- _PROBLEM_
Show the lines below where "forall" occurs.

[Opening MATERIAL FOR THE TASK section]

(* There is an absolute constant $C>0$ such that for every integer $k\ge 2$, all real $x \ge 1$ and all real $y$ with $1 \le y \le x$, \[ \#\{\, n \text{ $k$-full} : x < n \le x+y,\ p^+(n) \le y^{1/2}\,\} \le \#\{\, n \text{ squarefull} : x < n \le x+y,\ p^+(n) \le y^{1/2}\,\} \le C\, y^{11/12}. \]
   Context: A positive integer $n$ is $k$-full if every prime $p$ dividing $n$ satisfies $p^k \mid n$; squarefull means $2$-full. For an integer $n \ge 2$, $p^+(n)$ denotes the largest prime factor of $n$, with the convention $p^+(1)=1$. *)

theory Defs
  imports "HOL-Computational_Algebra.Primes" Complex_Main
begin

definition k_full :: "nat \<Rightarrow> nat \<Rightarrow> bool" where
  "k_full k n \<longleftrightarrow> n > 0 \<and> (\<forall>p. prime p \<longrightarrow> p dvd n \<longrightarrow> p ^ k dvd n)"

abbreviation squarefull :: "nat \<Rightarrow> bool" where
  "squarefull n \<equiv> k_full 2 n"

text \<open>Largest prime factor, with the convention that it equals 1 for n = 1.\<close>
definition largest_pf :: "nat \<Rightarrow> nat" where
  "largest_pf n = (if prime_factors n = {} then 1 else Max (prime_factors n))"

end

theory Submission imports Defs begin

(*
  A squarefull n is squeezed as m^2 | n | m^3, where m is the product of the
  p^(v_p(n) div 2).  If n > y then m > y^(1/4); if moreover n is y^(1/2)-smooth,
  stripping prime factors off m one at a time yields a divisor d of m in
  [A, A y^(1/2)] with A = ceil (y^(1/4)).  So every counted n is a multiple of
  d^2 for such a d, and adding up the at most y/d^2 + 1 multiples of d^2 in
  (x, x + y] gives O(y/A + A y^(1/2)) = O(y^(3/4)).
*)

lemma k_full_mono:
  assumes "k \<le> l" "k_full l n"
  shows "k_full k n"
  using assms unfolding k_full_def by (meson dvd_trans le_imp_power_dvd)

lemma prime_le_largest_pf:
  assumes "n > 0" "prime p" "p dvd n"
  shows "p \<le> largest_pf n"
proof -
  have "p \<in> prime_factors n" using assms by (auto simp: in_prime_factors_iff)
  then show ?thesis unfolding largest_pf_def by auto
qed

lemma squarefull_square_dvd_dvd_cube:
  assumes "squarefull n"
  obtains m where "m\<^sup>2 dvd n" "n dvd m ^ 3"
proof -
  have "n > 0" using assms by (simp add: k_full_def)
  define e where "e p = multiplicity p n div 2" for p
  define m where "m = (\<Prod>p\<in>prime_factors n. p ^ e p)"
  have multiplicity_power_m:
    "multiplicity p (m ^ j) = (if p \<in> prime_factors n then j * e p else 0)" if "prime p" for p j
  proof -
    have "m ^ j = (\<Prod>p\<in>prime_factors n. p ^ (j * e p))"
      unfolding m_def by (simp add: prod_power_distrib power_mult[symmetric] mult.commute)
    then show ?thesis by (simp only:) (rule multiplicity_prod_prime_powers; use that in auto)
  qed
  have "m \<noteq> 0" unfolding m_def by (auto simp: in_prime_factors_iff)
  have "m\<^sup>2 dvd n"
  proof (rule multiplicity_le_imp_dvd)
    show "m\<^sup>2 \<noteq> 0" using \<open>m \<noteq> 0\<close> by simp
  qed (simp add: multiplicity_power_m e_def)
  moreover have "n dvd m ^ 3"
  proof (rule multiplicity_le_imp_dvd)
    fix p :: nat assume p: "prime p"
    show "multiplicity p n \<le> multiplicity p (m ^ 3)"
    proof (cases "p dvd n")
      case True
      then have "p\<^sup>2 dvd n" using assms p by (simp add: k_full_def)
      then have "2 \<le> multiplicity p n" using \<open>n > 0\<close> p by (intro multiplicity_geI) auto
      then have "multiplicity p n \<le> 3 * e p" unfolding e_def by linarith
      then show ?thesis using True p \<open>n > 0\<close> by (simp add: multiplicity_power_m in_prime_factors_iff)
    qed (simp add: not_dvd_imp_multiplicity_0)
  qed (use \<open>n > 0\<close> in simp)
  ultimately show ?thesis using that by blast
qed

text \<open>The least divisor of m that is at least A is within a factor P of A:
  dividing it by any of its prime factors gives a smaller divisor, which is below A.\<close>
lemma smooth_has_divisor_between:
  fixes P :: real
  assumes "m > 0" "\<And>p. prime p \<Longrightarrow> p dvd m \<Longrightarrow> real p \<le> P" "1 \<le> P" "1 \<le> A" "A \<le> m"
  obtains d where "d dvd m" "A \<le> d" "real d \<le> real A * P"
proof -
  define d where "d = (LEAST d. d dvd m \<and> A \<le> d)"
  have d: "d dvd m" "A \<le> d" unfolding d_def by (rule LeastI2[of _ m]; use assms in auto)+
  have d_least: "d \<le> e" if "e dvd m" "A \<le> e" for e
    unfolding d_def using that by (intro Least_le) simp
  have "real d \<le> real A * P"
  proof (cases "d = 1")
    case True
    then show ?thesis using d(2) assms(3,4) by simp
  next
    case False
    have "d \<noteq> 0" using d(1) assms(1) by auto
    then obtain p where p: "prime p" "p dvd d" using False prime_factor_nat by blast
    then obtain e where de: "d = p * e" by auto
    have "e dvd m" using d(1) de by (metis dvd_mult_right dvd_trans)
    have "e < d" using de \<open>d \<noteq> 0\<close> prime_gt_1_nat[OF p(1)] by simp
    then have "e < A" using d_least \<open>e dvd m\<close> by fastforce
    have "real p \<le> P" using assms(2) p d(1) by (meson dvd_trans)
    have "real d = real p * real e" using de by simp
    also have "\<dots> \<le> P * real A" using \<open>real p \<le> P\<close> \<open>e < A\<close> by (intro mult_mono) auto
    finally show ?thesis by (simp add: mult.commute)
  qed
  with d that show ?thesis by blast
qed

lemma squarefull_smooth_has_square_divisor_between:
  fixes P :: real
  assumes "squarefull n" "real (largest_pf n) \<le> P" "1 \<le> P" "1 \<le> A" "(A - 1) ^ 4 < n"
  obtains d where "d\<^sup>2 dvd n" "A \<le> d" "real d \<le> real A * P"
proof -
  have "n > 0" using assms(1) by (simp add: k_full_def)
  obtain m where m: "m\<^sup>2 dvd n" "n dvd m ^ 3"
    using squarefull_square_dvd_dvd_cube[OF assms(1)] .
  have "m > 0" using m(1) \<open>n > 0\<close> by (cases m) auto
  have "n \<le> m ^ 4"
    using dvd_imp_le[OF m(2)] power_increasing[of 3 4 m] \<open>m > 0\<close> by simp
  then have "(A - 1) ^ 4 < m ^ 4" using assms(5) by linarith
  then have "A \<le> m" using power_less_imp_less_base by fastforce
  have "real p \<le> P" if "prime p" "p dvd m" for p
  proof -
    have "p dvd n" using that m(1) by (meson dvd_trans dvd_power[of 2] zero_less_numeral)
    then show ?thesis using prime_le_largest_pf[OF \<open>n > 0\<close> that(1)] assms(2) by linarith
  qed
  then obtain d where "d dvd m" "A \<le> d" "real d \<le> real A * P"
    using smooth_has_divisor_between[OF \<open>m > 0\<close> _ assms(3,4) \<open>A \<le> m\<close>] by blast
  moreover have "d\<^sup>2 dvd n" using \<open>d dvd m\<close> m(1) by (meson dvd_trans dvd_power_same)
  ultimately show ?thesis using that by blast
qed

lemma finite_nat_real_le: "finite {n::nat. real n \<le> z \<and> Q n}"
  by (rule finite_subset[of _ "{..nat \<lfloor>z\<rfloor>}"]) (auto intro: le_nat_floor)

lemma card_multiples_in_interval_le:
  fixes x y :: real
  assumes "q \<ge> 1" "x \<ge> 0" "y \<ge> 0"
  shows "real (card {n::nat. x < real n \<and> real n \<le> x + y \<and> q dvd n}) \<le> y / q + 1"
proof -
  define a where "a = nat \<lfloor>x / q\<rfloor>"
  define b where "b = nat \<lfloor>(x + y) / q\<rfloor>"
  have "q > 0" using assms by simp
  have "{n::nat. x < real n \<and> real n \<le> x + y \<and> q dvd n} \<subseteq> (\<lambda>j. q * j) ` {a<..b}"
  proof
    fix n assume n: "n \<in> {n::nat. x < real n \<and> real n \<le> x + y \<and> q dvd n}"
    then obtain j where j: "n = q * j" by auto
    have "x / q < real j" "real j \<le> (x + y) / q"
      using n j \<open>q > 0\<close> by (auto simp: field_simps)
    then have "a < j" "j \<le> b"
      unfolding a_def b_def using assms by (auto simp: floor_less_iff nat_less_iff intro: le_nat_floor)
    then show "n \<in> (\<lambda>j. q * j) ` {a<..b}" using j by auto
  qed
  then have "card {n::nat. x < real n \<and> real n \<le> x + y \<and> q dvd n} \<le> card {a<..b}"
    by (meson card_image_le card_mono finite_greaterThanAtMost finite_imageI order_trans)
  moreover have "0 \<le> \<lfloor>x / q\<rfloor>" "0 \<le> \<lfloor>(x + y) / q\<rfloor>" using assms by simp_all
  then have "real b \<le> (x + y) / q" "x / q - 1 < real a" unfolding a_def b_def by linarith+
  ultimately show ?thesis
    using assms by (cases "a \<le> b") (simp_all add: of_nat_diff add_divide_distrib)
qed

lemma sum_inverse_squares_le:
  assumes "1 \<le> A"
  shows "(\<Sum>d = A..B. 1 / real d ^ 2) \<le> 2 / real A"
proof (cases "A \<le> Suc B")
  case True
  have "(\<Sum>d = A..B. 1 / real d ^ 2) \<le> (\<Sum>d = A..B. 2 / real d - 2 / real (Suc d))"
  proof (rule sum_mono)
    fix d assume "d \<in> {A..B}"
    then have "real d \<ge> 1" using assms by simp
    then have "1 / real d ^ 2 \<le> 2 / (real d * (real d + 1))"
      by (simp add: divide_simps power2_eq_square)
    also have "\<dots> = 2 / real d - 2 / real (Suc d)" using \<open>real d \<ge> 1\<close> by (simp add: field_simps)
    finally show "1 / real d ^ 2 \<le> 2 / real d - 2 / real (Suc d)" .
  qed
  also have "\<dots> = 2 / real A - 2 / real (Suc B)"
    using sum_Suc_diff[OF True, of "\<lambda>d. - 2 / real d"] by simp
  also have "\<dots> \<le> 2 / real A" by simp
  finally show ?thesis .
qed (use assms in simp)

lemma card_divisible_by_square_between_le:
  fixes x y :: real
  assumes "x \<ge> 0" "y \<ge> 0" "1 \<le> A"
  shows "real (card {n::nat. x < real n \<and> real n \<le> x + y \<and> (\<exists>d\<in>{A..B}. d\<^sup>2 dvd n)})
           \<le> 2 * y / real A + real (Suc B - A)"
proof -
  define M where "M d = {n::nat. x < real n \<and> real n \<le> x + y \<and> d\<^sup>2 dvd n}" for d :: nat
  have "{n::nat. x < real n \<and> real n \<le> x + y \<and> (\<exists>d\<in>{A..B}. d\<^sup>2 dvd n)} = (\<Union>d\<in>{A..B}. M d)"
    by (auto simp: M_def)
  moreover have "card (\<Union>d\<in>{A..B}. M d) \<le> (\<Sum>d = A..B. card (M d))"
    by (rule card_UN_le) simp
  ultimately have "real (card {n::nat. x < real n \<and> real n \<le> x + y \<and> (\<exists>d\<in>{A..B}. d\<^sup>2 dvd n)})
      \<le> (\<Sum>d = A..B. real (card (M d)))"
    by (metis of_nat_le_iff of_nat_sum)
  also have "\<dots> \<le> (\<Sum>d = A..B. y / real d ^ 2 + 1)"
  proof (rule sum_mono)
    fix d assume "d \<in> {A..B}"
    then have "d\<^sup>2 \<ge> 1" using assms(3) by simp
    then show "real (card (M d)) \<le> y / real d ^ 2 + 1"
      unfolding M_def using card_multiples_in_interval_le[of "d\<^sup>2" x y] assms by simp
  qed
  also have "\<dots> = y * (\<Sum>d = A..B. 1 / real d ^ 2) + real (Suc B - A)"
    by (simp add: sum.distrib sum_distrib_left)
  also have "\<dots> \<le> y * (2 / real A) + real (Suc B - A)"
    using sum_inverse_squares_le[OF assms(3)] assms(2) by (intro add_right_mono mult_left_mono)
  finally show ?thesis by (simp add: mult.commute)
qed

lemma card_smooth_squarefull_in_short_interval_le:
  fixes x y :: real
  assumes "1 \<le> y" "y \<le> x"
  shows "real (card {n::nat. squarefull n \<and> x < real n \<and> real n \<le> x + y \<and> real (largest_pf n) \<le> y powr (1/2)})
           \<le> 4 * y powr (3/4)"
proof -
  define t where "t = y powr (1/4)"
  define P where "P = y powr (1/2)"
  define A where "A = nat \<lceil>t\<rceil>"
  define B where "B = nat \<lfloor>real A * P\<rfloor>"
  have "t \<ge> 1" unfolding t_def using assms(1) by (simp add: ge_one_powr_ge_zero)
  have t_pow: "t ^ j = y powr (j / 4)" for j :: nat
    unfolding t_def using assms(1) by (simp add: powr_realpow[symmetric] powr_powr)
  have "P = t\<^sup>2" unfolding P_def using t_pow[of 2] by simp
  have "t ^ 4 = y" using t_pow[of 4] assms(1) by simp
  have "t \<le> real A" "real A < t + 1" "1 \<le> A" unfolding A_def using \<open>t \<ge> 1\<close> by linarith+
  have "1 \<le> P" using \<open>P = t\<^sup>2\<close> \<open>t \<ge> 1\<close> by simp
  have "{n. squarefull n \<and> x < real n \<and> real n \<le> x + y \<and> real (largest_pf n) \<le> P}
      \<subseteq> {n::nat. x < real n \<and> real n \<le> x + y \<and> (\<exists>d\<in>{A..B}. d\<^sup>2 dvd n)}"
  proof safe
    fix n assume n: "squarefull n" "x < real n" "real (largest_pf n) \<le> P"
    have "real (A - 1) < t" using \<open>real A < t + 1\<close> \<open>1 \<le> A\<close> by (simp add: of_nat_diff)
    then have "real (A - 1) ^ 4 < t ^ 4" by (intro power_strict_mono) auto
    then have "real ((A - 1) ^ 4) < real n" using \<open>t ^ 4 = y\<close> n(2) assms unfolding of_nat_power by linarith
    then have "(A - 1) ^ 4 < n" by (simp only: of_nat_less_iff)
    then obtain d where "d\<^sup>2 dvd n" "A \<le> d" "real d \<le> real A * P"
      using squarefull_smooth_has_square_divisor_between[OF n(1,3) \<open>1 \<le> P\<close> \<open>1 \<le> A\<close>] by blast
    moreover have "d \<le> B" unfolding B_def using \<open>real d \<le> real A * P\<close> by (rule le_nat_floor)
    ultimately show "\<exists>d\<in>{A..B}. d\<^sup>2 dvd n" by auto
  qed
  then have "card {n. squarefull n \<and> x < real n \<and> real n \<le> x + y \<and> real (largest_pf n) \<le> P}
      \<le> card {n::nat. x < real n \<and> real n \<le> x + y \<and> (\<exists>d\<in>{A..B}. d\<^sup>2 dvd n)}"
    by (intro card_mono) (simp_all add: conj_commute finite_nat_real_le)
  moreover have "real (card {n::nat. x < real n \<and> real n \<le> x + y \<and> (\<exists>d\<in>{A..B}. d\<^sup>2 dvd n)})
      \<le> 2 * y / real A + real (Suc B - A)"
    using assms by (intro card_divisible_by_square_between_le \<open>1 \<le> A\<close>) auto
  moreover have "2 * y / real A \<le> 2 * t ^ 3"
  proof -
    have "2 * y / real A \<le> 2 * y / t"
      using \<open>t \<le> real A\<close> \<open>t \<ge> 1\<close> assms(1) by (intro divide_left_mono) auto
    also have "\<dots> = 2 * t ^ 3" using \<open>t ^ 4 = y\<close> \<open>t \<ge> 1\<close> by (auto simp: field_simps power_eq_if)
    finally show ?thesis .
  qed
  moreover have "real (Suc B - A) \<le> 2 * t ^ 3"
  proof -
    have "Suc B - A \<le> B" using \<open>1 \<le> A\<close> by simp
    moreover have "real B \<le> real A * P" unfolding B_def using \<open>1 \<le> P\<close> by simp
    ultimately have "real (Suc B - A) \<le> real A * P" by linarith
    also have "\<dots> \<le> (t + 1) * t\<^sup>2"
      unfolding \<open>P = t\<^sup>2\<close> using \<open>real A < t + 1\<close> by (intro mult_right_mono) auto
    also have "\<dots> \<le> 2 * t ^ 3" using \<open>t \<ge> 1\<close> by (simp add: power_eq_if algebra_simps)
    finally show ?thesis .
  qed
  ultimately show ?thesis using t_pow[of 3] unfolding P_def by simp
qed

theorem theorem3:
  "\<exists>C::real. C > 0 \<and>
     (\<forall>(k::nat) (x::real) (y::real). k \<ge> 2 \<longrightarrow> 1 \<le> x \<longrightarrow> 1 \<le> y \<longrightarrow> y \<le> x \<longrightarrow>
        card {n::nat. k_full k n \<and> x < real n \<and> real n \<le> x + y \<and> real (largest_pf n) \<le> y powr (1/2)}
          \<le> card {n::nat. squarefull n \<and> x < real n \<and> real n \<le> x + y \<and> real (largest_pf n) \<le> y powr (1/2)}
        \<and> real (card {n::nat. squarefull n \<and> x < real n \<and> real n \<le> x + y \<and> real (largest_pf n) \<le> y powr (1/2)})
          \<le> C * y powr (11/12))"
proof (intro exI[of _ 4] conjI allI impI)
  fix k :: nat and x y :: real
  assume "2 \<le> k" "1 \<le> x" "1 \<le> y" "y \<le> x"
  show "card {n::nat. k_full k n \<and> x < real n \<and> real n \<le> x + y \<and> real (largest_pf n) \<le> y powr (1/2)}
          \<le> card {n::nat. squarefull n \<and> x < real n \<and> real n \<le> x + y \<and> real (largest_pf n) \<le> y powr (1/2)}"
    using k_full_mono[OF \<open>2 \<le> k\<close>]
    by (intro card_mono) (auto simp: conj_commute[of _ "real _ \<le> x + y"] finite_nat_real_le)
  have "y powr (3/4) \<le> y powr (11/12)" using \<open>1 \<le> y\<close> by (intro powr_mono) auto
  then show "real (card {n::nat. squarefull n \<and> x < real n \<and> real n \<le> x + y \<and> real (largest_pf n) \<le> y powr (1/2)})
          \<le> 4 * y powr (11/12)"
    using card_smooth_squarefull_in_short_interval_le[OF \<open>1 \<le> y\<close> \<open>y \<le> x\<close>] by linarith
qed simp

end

[Closing MATERIAL FOR THE TASK section]

- _COMPLETED TASK_
  "k_full k n \<longleftrightarrow> n > 0 \<and> (\<forall>p. prime p \<longrightarrow> p dvd n \<longrightarrow> p ^ k dvd n)"
     (\<forall>(k::nat) (x::real) (y::real). k \<ge> 2 \<longrightarrow> 1 \<le> x \<longrightarrow> 1 \<le> y \<longrightarrow> y \<le> x \<longrightarrow>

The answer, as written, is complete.